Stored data
┌──
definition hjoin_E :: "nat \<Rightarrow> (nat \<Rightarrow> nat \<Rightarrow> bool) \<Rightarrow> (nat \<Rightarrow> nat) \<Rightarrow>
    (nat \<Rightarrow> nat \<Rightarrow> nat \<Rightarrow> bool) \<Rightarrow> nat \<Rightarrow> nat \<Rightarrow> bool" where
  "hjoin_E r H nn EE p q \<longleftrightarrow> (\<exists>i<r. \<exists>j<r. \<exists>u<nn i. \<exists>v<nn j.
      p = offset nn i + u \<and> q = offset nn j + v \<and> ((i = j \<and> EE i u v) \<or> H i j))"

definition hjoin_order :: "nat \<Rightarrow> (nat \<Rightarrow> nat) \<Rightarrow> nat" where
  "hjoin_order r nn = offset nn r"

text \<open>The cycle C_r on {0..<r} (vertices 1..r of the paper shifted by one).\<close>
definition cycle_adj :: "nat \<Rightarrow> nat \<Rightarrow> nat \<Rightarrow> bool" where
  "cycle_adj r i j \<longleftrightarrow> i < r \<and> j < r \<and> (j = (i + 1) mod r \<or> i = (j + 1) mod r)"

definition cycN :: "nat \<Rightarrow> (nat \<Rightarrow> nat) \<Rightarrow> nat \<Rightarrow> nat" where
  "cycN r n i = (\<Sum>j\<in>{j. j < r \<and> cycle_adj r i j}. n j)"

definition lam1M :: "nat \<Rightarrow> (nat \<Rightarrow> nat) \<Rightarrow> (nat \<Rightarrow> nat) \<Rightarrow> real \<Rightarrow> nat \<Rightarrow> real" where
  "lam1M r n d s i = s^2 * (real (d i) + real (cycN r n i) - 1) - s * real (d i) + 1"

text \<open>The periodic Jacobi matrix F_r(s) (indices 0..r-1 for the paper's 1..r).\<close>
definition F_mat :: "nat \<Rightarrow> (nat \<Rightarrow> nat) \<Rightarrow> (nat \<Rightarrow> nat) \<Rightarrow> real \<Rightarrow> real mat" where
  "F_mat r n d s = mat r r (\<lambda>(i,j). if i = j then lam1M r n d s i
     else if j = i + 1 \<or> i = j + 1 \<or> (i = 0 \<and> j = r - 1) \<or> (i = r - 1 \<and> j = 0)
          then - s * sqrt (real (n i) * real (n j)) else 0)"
└──
[TASK DETAILS] Print, from the entries above, the line with "i. \<exists>v<nn j.", the line with "nn = offset" and all lines between them, exactly and with nothing else.

[RESPONSE BELOW]
  "hjoin_E r H nn EE p q \<longleftrightarrow> (\<exists>i<r. \<exists>j<r. \<exists>u<nn i. \<exists>v<nn j.
      p = offset nn i + u \<and> q = offset nn j + v \<and> ((i = j \<and> EE i u v) \<or> H i j))"

definition hjoin_order :: "nat \<Rightarrow> (nat \<Rightarrow> nat) \<Rightarrow> nat" where
  "hjoin_order r nn = offset nn r"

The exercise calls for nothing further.